Sunday, July 22, 2012

Taxes...

Big Government's Best Friends: Nontaxpayers



Taxes: The proportion of those paying no income taxes continues to hit higher highs — a trend that will ultimately make lowering taxes and reducing government impossible.

For decades, "fairness" has been liberal Democrats' outcry against demands for lower taxes. The rich, President Obama endlessly contends, don't pay "their fair share."

It's about as far from the truth as you can get. As the Congressional Budget Office showed in a new report on the distribution of household income and federal taxes, the rich are getting hit by the taxman harder than ever.

As CNBC reporter Robert Frank put it, the top 1% that Obama complains about "paid an average effective tax rate of 28.9% on their income — far more than any other group, and more than twice the average effective rate of the middle class, who paid 11% on average."

Beyond that, however, is the fact that more Americans who are nowhere near to being rich are paying no taxes at all on the money they take in — which means they have no interest in getting our ever-expanding government leviathan under control.

A new study from the Tax Foundation found the number of those filing tax returns who pay no income taxes now numbers over 58 million, amounting to a staggering 41% of all tax returns.
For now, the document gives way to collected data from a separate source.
lemma resolve_sig_arc:
  "a \<in> arcs C \<Longrightarrow> resolve A (sig C a) = (if a \<in> A then sig C (sig C (alph C a)) else sig C (sig C a))"
  by (simp add: resolve_def arc_at_sig_arc surg_sig_arc other_sig_arc)

lemma resolve_sig2_arc:
  "a \<in> arcs C \<Longrightarrow> resolve A (sig C (sig C a)) = (if a \<in> A then sig C (alph C a) else sig C a)"
  by (simp add: resolve_def arc_at_sig2_arc surg_sig2_arc other_sig2_arc)

lemma arc_closed_alph_iff: "arc_closed A \<Longrightarrow> a \<in> arcs C \<Longrightarrow> alph C a \<in> A \<longleftrightarrow> a \<in> A"
  unfolding arc_closed_def using alph_alph_arc by metis

lemma alph_involution: "c \<in> circ \<Longrightarrow> alph C c \<in> circ \<and> alph C (alph C c) = c \<and> alph C c \<noteq> c"
  using alph_in_circ alph_alph alph_neq circ_eq by auto

lemma resolve_involution:
  assumes A: "arc_closed A" and "c \<in> circ"
  shows "resolve A c \<in> circ \<and> resolve A (resolve A c) = c \<and> resolve A c \<noteq> c"
proof -
  obtain a where a: "a \<in> arcs C" "c = sig C a \<or> c = sig C (sig C a)"
    using circ_cases \<open>c \<in> circ\<close> by blast
  have a': "alph C a \<in> arcs C" "alph C (alph C a) = a" "alph C a \<in> A \<longleftrightarrow> a \<in> A"
    using alph_in_arcs alph_alph_arc arc_closed_alph_iff[OF A] a(1) by blast+
  show ?thesis
    using a(2)
  proof (elim disjE; cases "a \<in> A")
    assume "c = sig C a" "a \<in> A"
    then show ?thesis
      using resolve_sig_arc[OF a(1)] resolve_sig2_arc[OF a'(1)] a' sig2_arc_in_circ[OF a'(1)]
        sig_arc_neq_sig2_arc[OF a(1) a'(1)] by auto
  next
    assume "c = sig C a" "a \<notin> A"
    then show ?thesis
      using resolve_sig_arc[OF a(1)] resolve_sig2_arc[OF a(1)] sig2_arc_in_circ[OF a(1)]
        sig_arc_neq_sig2_arc[OF a(1) a(1)] by auto
  next
    assume "c = sig C (sig C a)" "a \<in> A"
    then show ?thesis
      using resolve_sig2_arc[OF a(1)] resolve_sig_arc[OF a'(1)] a' sig_arc_in_circ[OF a'(1)]
        sig_arc_neq_sig2_arc[OF a'(1) a(1)] by auto
  next
    assume "c = sig C (sig C a)" "a \<notin> A"
    then show ?thesis
      using resolve_sig_arc[OF a(1)] resolve_sig2_arc[OF a(1)] sig_arc_in_circ[OF a(1)]
        sig_arc_neq_sig2_arc[OF a(1) a(1)] by auto
  qed
qed

lemma sym_res_rel: "arc_closed A \<Longrightarrow> sym (res_rel A)"
  unfolding res_rel_def using alph_involution resolve_involution
  by (intro sym_Un sym_involution_graph) blast+

lemma sym_graph_rel: "arc_closed A \<Longrightarrow> sym (graph_rel A)"
  unfolding graph_rel_def using sym_res_rel[of "{}"] sym_res_rel[of A]
  by (simp add: arc_closed_def sym_Un)

end

section \<open>Surgery along one arc\<close>

text \<open>Surgering the arc with halves \<open>a\<close>, \<open>a'\<close> replaces the edges \<open>c1 c2\<close> and \<open>c1' c2'\<close> of
  \<open>res_rel A\<close> at its feet by \<open>c1 c2'\<close> and \<open>c2 c1'\<close>; all other edges stay \<open>untouched\<close>.\<close>

locale arc_surgery = conn_conf +
  fixes A and a
  assumes A_closed: "arc_closed A" and a_arc: "a \<in> arcs C" and a_notin_A: "a \<notin> A"
begin

abbreviation "a' \<equiv> alph C a"
abbreviation "c1 \<equiv> sig C a"
abbreviation "c2 \<equiv> sig C (sig C a)"
abbreviation "c1' \<equiv> sig C a'"
abbreviation "c2' \<equiv> sig C (sig C a')"
abbreviation "A' \<equiv> A \<union> {a, a'}"

lemma a'_arc: "a' \<in> arcs C"
  using alph_in_arcs a_arc by blast

lemma a'_notin_A: "a' \<notin> A"
  using arc_closed_alph_iff[OF A_closed a_arc] a_notin_A by blast

lemma alph_a': "alph C a' = a"
  using alph_alph_arc a_arc by blast

lemma feet_distinct: "c1 \<noteq> c2" "c1 \<noteq> c1'" "c1 \<noteq> c2'" "c2 \<noteq> c1'" "c2 \<noteq> c2'" "c1' \<noteq> c2'"
proof -
  have "a' \<noteq> a"
    using alph_neq a_arc arcs_subset by blast
  then show "c1 \<noteq> c1'" "c2 \<noteq> c2'"
    using sig_arc_inj[OF a_arc a'_arc] sig2_arc_inj[OF a_arc a'_arc] by auto
  show "c1 \<noteq> c2" "c1 \<noteq> c2'" "c2 \<noteq> c1'" "c1' \<noteq> c2'"
    using sig_arc_neq_sig2_arc a_arc a'_arc by metis+
qed

lemma feet_in_circ: "c1 \<in> circ" "c2 \<in> circ" "c1' \<in> circ" "c2' \<in> circ"
  using sig_arc_in_circ sig2_arc_in_circ a_arc a'_arc by auto

lemma resolve_feet:
  "resolve A c1 = c2" "resolve A c2 = c1" "resolve A c1' = c2'" "resolve A c2' = c1'"
  using resolve_sig_arc resolve_sig2_arc a_arc a'_arc a_notin_A a'_notin_A by auto

lemma surgered_resolve_feet:
  "resolve A' c1 = c2'" "resolve A' c2 = c1'" "resolve A' c1' = c2" "resolve A' c2' = c1"
  using resolve_sig_arc[OF a_arc, of A'] resolve_sig2_arc[OF a_arc, of A']
    resolve_sig_arc[OF a'_arc, of A'] resolve_sig2_arc[OF a'_arc, of A'] alph_a'
  by auto

lemma res_rel_empty_feet: "{(c1, c2), (c2, c1), (c1', c2'), (c2', c1')} \<subseteq> res_rel {}"
proof -
  have "resolve {} c1 = c2" "resolve {} c2 = c1" "resolve {} c1' = c2'" "resolve {} c2' = c1'"
    using resolve_sig_arc resolve_sig2_arc a_arc a'_arc by simp_all
  moreover have "(x, resolve {} x) \<in> res_rel {}" if "x \<in> circ" for x
    unfolding res_rel_def using that by blast
  ultimately show ?thesis
    using feet_in_circ by (metis empty_subsetI insert_subset)
qed

lemma surgered_resolve_off_feet:
  "{(x, resolve A' x) | x. x \<in> circ - {c1, c2, c1', c2'}}
    = {(x, resolve A x) | x. x \<in> circ - {c1, c2, c1', c2'}}"
proof -
  have "resolve A' x = resolve A x" if "x \<in> circ - {c1, c2, c1', c2'}" for x
    using that arc_at_eqD[of x a] arc_at_eqD[of x a'] unfolding resolve_def by auto
  then show ?thesis
    unfolding Setcompr_eq_image by (intro image_cong) auto
qed

definition untouched where
  "untouched = {(x, alph C x) | x. x \<in> circ}
    \<union> {(x, resolve A x) | x. x \<in> circ - {c1, c2, c1', c2'}}"

lemma res_rel_split:
  "res_rel X = {(x, alph C x) | x. x \<in> circ} \<union> {(x, resolve X x) | x. x \<in> circ - {c1, c2, c1', c2'}}
    \<union> {(c1, resolve X c1), (c2, resolve X c2), (c1', resolve X c1'), (c2', resolve X c2')}"
  unfolding res_rel_def using feet_in_circ by blast

lemma res_rel_eq: "res_rel A = untouched \<union> {(c1, c2), (c2, c1)} \<union> {(c1', c2'), (c2', c1')}"
  unfolding res_rel_split[of A] resolve_feet untouched_def by blast

lemma res_rel_surgered_eq:
  "res_rel A' = untouched \<union> {(c1, c2'), (c2', c1)} \<union> {(c2, c1'), (c1', c2)}"
  unfolding res_rel_split[of A'] surgered_resolve_feet surgered_resolve_off_feet untouched_def
  by blast

lemma sym_untouched: "sym untouched"
proof -
  have "resolve A x \<in> circ - {c1, c2, c1', c2'}" if "x \<in> circ - {c1, c2, c1', c2'}" for x
    using that resolve_involution[OF A_closed, of x] resolve_feet by auto
  then show ?thesis
    unfolding untouched_def using alph_involution resolve_involution[OF A_closed]
    by (intro sym_Un sym_involution_graph) auto
qed

lemma foot_edge_not_bridge: "(c1, c2) \<in> (untouched \<union> {(c1', c2'), (c2', c1')})\<^sup>*"
proof -
  have "(c1, resolve A c1) \<in> ({(x, alph C x) | x. x \<in> circ}
      \<union> {(x, resolve A x) | x. x \<in> circ - {c1, resolve A c1}})\<^sup>*"
    using finite_circ alph_involution resolve_involution[OF A_closed] feet_in_circ
    by (intro involutions_edge_not_bridge) auto
  moreover have "{(x, alph C x) | x. x \<in> circ}
      \<union> {(x, resolve A x) | x. x \<in> circ - {c1, resolve A c1}}
      = untouched \<union> {(c1', c2'), (c2', c1')}"
    unfolding untouched_def using resolve_feet feet_in_circ feet_distinct by auto
  ultimately show ?thesis
    using resolve_feet by simp
qed

lemma foot_edge_not_bridge': "(c1', c2') \<in> (untouched \<union> {(c1, c2), (c2, c1)})\<^sup>*"
proof -
  have "(c1', resolve A c1') \<in> ({(x, alph C x) | x. x \<in> circ}
      \<union> {(x, resolve A x) | x. x \<in> circ - {c1', resolve A c1'}})\<^sup>*"
    using finite_circ alph_involution resolve_involution[OF A_closed] feet_in_circ
    by (intro involutions_edge_not_bridge) auto
  moreover have "{(x, alph C x) | x. x \<in> circ}
      \<union> {(x, resolve A x) | x. x \<in> circ - {c1', resolve A c1'}}
      = untouched \<union> {(c1, c2), (c2, c1)}"
    unfolding untouched_def using resolve_feet feet_in_circ feet_distinct by auto
  ultimately show ?thesis
    using resolve_feet by simp
qed

lemma num_res_circles_surgery_le: "num_res_circles A' \<le> num_res_circles A + 1"
proof -
  let ?U = "untouched \<union> {(c1', c2'), (c2', c1')}"
  have "sym ?U"
    using sym_untouched sym_edge by (rule sym_Un)
  moreover have "res_rel A = ?U \<union> {(c1, c2), (c2, c1)}"
    unfolding res_rel_eq by blast
  ultimately have "(res_rel A)\<^sup>* = ?U\<^sup>*"
    using foot_edge_not_bridge rtrancl_Un_connected_edge by metis
  then have "num_res_circles A = num_components circ ?U"
    unfolding num_res_circles_def by (rule num_components_cong)
  then have "num_components circ untouched \<le> num_res_circles A + 1"
    using num_components_le_Un_edge[OF finite_circ sym_untouched feet_in_circ(3,4)] by simp
  moreover have "num_res_circles A' \<le> num_components circ (untouched \<union> {(c1, c2'), (c2', c1)})"
    unfolding num_res_circles_def res_rel_surgered_eq
    by (intro num_components_Un_edge_le finite_circ sym_Un sym_untouched sym_edge feet_in_circ)
  moreover have "\<dots> \<le> num_components circ untouched"
    by (intro num_components_Un_edge_le finite_circ sym_untouched feet_in_circ)
  ultimately show ?thesis
    by linarith
qed

lemma graph_rel_surgered_eq:
  "graph_rel A' = graph_rel A \<union> {(c1, c2'), (c2', c1)} \<union> {(c2, c1'), (c1', c2)}"
  unfolding graph_rel_def res_rel_surgered_eq res_rel_eq using res_rel_empty_feet by blast

lemma num_graph_comps_surgery_eq:
  assumes "(c1, c1') \<in> (res_rel A)\<^sup>*"
  shows "num_graph_comps A' = num_graph_comps A"
proof -
  let ?K = "graph_rel A"
  have sym_K: "sym ?K"
    using sym_graph_rel[OF A_closed] .
  have "(c1, c1') \<in> ?K\<^sup>*"
    using assms rtrancl_mono[of "res_rel A" ?K] unfolding graph_rel_def by blast
  moreover have "(c1', c2') \<in> ?K" "(c2, c1) \<in> ?K"
    using res_rel_empty_feet unfolding graph_rel_def by blast+
  ultimately have "(c1, c2') \<in> ?K\<^sup>*" "(c2, c1') \<in> ?K\<^sup>*"
    by (meson rtrancl_into_rtrancl converse_rtrancl_into_rtrancl)+
  then have "{(c1, c2'), (c2', c1)} \<union> {(c2, c1'), (c1', c2)} \<subseteq> ?K\<^sup>*"
    using rtrancl_sym[OF sym_K] by blast
  then have "(graph_rel A')\<^sup>* = ?K\<^sup>*"
    unfolding graph_rel_surgered_eq Un_assoc by (rule rtrancl_Un_subset_rtrancl)
  then show ?thesis
    unfolding num_graph_comps_def by (rule num_components_cong)
qed

lemma num_graph_comps_surgery_ge: "num_graph_comps A \<le> num_graph_comps A' + 1"
proof -
  let ?K = "graph_rel A \<union> {(c1, c2'), (c2', c1)}"
  have sym_K: "sym ?K"
    using sym_graph_rel[OF A_closed] sym_edge by (rule sym_Un)
  have "(c2, c1) \<in> ?K" "(c1, c2') \<in> ?K" "(c2', c1') \<in> ?K"
    using res_rel_empty_feet unfolding graph_rel_def by blast+
  then have "(c2, c1') \<in> ?K\<^sup>*"
    by (meson r_into_rtrancl rtrancl_into_rtrancl)
  with sym_K have "(graph_rel A')\<^sup>* = ?K\<^sup>*"
    unfolding graph_rel_surgered_eq by (rule rtrancl_Un_connected_edge)
  then have "num_graph_comps A' = num_components circ ?K"
    unfolding num_graph_comps_def by (rule num_components_cong)
  then show ?thesis
    using num_components_le_Un_edge[OF finite_circ sym_graph_rel[OF A_closed] feet_in_circ(1,4)]
    unfolding num_graph_comps_def by simp
qed

lemma feet_connected_untouched:
  assumes "(c1, c1') \<notin> (res_rel A)\<^sup>*"
  shows "(c1, c2) \<in> untouched\<^sup>*" "(c1', c2') \<in> untouched\<^sup>*"
proof -
  let ?R = "res_rel A"
  have sym_R: "sym ?R"
    using sym_res_rel[OF A_closed] .
  have edges: "(c2', c1') \<in> ?R" "(c2, c1) \<in> ?R"
    unfolding res_rel_eq by blast+
  have c1_c2': "(c1, c2') \<notin> ?R\<^sup>*"
    using assms edges(1) rtrancl_into_rtrancl[of c1 c2' ?R c1'] by blast
  have c1'_c1: "(c1', c1) \<notin> ?R\<^sup>*"
    using assms rtrancl_sym[OF sym_R, of c1' c1] by blast
  have c1'_c2: "(c1', c2) \<notin> ?R\<^sup>*"
    using c1'_c1 edges(2) rtrancl_into_rtrancl[of c1' c2 ?R c1] by blast
  have "untouched \<union> {(c1', c2'), (c2', c1')} \<subseteq> ?R"
    unfolding res_rel_eq by blast
  with foot_edge_not_bridge show "(c1, c2) \<in> untouched\<^sup>*"
    by (rule rtrancl_Un_unreachable) (use assms c1_c2' in simp)
  have "untouched \<union> {(c1, c2), (c2, c1)} \<subseteq> ?R"
    unfolding res_rel_eq by blast
  with foot_edge_not_bridge' show "(c1', c2') \<in> untouched\<^sup>*"
    by (rule rtrancl_Un_unreachable) (use c1'_c1 c1'_c2 in simp)
qed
Compare that with 1990, when only about 21% of tax returns were found to have no tax liability.

What's more, the median income of these nonpayers has increased by 40% in just nine years. "The threshold at which a typical married couple with two children will likely be a nonpayer is now $47,000," the Tax Foundation found.

The primary reason? Big government's tentacles, in the form of cash payments via the soaring expansion of refundable tax credits. "In 1990, the combined value of these credits was roughly $20 billion after adjusting for inflation," the study notes. By 2000, it was $46.5 billion.

"A decade later," however, "the combined budgetary cost of both the basic and refundable tax credits reached a remarkable $224 billion in 2010."

As the foundation's Scott Hodge cautions, "These credits not only have a major budgetary cost — both in terms of the lost revenue and the outlay cost for the refundable portion — they undermine the financial stability of the government by narrowing the tax base, and disconnect people from the basic cost of government."

A tax-cut-oriented simplification of the IRS code — so urgently needed today — will soon be politically impossible because of so many millions off the income-tax rolls, an increasing number of them middle-class.

People who aren't paying taxes, yet who are enjoying government dependency in various areas of their lives, aren't going to give the time of day to politicians who seek to cut taxes.